[Task] Would you write out the entries below, every one of them, exactly?

*** Records for the task

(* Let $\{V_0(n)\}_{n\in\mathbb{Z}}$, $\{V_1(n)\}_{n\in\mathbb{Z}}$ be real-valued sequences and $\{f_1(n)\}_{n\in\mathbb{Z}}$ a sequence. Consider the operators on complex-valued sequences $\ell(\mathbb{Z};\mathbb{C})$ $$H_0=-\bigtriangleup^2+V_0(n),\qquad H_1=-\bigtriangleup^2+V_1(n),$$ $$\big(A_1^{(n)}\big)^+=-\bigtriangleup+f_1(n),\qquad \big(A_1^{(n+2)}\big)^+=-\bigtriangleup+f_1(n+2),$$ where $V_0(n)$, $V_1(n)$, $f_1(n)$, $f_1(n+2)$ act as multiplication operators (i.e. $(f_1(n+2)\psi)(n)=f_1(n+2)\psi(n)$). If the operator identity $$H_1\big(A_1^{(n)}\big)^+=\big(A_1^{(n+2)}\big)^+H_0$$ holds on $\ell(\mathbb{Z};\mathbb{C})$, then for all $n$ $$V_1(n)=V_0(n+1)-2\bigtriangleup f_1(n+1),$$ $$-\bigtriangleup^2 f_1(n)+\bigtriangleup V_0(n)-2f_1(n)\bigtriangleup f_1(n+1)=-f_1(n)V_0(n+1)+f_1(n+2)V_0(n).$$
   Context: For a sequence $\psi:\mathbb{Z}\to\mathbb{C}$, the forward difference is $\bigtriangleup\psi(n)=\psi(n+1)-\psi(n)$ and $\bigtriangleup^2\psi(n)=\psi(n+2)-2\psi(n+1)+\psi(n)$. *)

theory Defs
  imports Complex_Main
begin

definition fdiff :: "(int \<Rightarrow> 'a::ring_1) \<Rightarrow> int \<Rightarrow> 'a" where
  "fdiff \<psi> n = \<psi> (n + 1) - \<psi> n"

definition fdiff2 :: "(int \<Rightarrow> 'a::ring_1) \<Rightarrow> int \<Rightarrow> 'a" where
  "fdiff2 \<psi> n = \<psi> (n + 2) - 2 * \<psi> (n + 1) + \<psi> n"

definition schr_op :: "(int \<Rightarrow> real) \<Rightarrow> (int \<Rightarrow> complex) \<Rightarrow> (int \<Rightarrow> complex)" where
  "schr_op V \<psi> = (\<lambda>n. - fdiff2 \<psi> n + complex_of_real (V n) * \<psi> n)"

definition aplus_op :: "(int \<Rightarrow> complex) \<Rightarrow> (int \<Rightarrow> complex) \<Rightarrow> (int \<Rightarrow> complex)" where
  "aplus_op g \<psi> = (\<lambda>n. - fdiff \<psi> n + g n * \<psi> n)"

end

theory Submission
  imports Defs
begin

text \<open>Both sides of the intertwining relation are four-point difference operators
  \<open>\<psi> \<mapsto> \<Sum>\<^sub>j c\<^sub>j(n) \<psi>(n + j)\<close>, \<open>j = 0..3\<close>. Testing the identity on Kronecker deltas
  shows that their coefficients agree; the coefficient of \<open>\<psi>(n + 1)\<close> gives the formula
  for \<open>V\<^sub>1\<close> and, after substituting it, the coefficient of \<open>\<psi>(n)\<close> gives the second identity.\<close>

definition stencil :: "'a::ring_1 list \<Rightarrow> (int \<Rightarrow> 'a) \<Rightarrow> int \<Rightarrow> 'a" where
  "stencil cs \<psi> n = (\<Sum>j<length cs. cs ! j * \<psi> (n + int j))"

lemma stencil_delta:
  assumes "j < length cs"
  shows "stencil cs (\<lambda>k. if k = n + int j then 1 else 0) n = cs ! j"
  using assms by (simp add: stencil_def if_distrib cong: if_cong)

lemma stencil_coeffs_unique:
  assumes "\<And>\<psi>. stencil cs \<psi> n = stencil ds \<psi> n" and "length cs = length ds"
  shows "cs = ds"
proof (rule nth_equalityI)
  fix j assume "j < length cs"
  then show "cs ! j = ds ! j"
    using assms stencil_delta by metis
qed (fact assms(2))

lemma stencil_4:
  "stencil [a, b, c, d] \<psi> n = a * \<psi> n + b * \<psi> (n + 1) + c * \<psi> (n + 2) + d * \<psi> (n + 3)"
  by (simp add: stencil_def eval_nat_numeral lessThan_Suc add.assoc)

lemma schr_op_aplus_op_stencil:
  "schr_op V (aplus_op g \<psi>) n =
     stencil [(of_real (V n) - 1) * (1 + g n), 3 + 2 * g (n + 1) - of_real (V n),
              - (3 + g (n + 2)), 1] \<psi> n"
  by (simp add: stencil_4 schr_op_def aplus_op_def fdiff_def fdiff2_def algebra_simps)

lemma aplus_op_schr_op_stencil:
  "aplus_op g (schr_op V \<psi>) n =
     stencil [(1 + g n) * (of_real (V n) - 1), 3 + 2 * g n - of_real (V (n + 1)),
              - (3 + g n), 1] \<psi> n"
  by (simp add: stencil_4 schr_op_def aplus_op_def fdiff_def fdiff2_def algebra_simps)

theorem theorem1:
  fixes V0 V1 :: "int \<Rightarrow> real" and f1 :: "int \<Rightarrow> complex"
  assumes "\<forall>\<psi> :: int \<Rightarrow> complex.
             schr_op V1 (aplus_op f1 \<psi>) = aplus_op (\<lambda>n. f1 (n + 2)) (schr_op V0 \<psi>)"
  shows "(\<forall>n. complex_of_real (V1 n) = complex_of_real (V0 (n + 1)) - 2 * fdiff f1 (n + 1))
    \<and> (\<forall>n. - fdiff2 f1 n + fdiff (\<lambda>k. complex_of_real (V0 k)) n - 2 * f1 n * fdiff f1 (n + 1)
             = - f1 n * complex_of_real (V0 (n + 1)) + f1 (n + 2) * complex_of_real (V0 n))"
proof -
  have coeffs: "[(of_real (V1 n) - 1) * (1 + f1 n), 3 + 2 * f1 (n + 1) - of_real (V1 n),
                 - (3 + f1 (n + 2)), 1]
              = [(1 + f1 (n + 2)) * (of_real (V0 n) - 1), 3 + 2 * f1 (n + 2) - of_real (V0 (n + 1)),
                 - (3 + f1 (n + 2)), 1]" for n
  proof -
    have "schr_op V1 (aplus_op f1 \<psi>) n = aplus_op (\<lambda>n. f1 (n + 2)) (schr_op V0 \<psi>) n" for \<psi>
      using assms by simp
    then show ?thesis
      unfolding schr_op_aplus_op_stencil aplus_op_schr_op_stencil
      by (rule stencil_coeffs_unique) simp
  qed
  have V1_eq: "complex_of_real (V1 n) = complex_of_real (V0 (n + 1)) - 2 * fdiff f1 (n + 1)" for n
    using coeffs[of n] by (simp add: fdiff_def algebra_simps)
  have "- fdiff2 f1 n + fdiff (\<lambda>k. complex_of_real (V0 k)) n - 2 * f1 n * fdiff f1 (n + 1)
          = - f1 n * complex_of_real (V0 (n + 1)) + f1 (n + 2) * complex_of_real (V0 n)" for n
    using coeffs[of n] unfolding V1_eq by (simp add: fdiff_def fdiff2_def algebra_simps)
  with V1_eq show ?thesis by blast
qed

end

******

[Problem solution]
(* Let $\{V_0(n)\}_{n\in\mathbb{Z}}$, $\{V_1(n)\}_{n\in\mathbb{Z}}$ be real-valued sequences and $\{f_1(n)\}_{n\in\mathbb{Z}}$ a sequence. Consider the operators on complex-valued sequences $\ell(\mathbb{Z};\mathbb{C})$ $$H_0=-\bigtriangleup^2+V_0(n),\qquad H_1=-\bigtriangleup^2+V_1(n),$$ $$\big(A_1^{(n)}\big)^+=-\bigtriangleup+f_1(n),\qquad \big(A_1^{(n+2)}\big)^+=-\bigtriangleup+f_1(n+2),$$ where $V_0(n)$, $V_1(n)$, $f_1(n)$, $f_1(n+2)$ act as multiplication operators (i.e. $(f_1(n+2)\psi)(n)=f_1(n+2)\psi(n)$). If the operator identity $$H_1\big(A_1^{(n)}\big)^+=\big(A_1^{(n+2)}\big)^+H_0$$ holds on $\ell(\mathbb{Z};\mathbb{C})$, then for all $n$ $$V_1(n)=V_0(n+1)-2\bigtriangleup f_1(n+1),$$ $$-\bigtriangleup^2 f_1(n)+\bigtriangleup V_0(n)-2f_1(n)\bigtriangleup f_1(n+1)=-f_1(n)V_0(n+1)+f_1(n+2)V_0(n).$$
   Context: For a sequence $\psi:\mathbb{Z}\to\mathbb{C}$, the forward difference is $\bigtriangleup\psi(n)=\psi(n+1)-\psi(n)$ and $\bigtriangleup^2\psi(n)=\psi(n+2)-2\psi(n+1)+\psi(n)$. *)

theory Defs
  imports Complex_Main
begin

definition fdiff :: "(int \<Rightarrow> 'a::ring_1) \<Rightarrow> int \<Rightarrow> 'a" where
  "fdiff \<psi> n = \<psi> (n + 1) - \<psi> n"

definition fdiff2 :: "(int \<Rightarrow> 'a::ring_1) \<Rightarrow> int \<Rightarrow> 'a" where
  "fdiff2 \<psi> n = \<psi> (n + 2) - 2 * \<psi> (n + 1) + \<psi> n"

definition schr_op :: "(int \<Rightarrow> real) \<Rightarrow> (int \<Rightarrow> complex) \<Rightarrow> (int \<Rightarrow> complex)" where
  "schr_op V \<psi> = (\<lambda>n. - fdiff2 \<psi> n + complex_of_real (V n) * \<psi> n)"

definition aplus_op :: "(int \<Rightarrow> complex) \<Rightarrow> (int \<Rightarrow> complex) \<Rightarrow> (int \<Rightarrow> complex)" where
  "aplus_op g \<psi> = (\<lambda>n. - fdiff \<psi> n + g n * \<psi> n)"

end

theory Submission
  imports Defs
begin

text \<open>Both sides of the intertwining relation are four-point difference operators
  \<open>\<psi> \<mapsto> \<Sum>\<^sub>j c\<^sub>j(n) \<psi>(n + j)\<close>, \<open>j = 0..3\<close>. Testing the identity on Kronecker deltas
  shows that their coefficients agree; the coefficient of \<open>\<psi>(n + 1)\<close> gives the formula
  for \<open>V\<^sub>1\<close> and, after substituting it, the coefficient of \<open>\<psi>(n)\<close> gives the second identity.\<close>

definition stencil :: "'a::ring_1 list \<Rightarrow> (int \<Rightarrow> 'a) \<Rightarrow> int \<Rightarrow> 'a" where
  "stencil cs \<psi> n = (\<Sum>j<length cs. cs ! j * \<psi> (n + int j))"

lemma stencil_delta:
  assumes "j < length cs"
  shows "stencil cs (\<lambda>k. if k = n + int j then 1 else 0) n = cs ! j"
  using assms by (simp add: stencil_def if_distrib cong: if_cong)

lemma stencil_coeffs_unique:
  assumes "\<And>\<psi>. stencil cs \<psi> n = stencil ds \<psi> n" and "length cs = length ds"
  shows "cs = ds"
proof (rule nth_equalityI)
  fix j assume "j < length cs"
  then show "cs ! j = ds ! j"
    using assms stencil_delta by metis
qed (fact assms(2))

lemma stencil_4:
  "stencil [a, b, c, d] \<psi> n = a * \<psi> n + b * \<psi> (n + 1) + c * \<psi> (n + 2) + d * \<psi> (n + 3)"
  by (simp add: stencil_def eval_nat_numeral lessThan_Suc add.assoc)

lemma schr_op_aplus_op_stencil:
  "schr_op V (aplus_op g \<psi>) n =
     stencil [(of_real (V n) - 1) * (1 + g n), 3 + 2 * g (n + 1) - of_real (V n),
              - (3 + g (n + 2)), 1] \<psi> n"
  by (simp add: stencil_4 schr_op_def aplus_op_def fdiff_def fdiff2_def algebra_simps)

lemma aplus_op_schr_op_stencil:
  "aplus_op g (schr_op V \<psi>) n =
     stencil [(1 + g n) * (of_real (V n) - 1), 3 + 2 * g n - of_real (V (n + 1)),
              - (3 + g n), 1] \<psi> n"
  by (simp add: stencil_4 schr_op_def aplus_op_def fdiff_def fdiff2_def algebra_simps)

theorem theorem1:
  fixes V0 V1 :: "int \<Rightarrow> real" and f1 :: "int \<Rightarrow> complex"
  assumes "\<forall>\<psi> :: int \<Rightarrow> complex.
             schr_op V1 (aplus_op f1 \<psi>) = aplus_op (\<lambda>n. f1 (n + 2)) (schr_op V0 \<psi>)"
  shows "(\<forall>n. complex_of_real (V1 n) = complex_of_real (V0 (n + 1)) - 2 * fdiff f1 (n + 1))
    \<and> (\<forall>n. - fdiff2 f1 n + fdiff (\<lambda>k. complex_of_real (V0 k)) n - 2 * f1 n * fdiff f1 (n + 1)
             = - f1 n * complex_of_real (V0 (n + 1)) + f1 (n + 2) * complex_of_real (V0 n))"
proof -
  have coeffs: "[(of_real (V1 n) - 1) * (1 + f1 n), 3 + 2 * f1 (n + 1) - of_real (V1 n),
                 - (3 + f1 (n + 2)), 1]
              = [(1 + f1 (n + 2)) * (of_real (V0 n) - 1), 3 + 2 * f1 (n + 2) - of_real (V0 (n + 1)),
                 - (3 + f1 (n + 2)), 1]" for n
  proof -
    have "schr_op V1 (aplus_op f1 \<psi>) n = aplus_op (\<lambda>n. f1 (n + 2)) (schr_op V0 \<psi>) n" for \<psi>
      using assms by simp
    then show ?thesis
      unfolding schr_op_aplus_op_stencil aplus_op_schr_op_stencil
      by (rule stencil_coeffs_unique) simp
  qed
  have V1_eq: "complex_of_real (V1 n) = complex_of_real (V0 (n + 1)) - 2 * fdiff f1 (n + 1)" for n
    using coeffs[of n] by (simp add: fdiff_def algebra_simps)
  have "- fdiff2 f1 n + fdiff (\<lambda>k. complex_of_real (V0 k)) n - 2 * f1 n * fdiff f1 (n + 1)
          = - f1 n * complex_of_real (V0 (n + 1)) + f1 (n + 2) * complex_of_real (V0 n)" for n
    using coeffs[of n] unfolding V1_eq by (simp add: fdiff_def fdiff2_def algebra_simps)
  with V1_eq show ?thesis by blast
qed

end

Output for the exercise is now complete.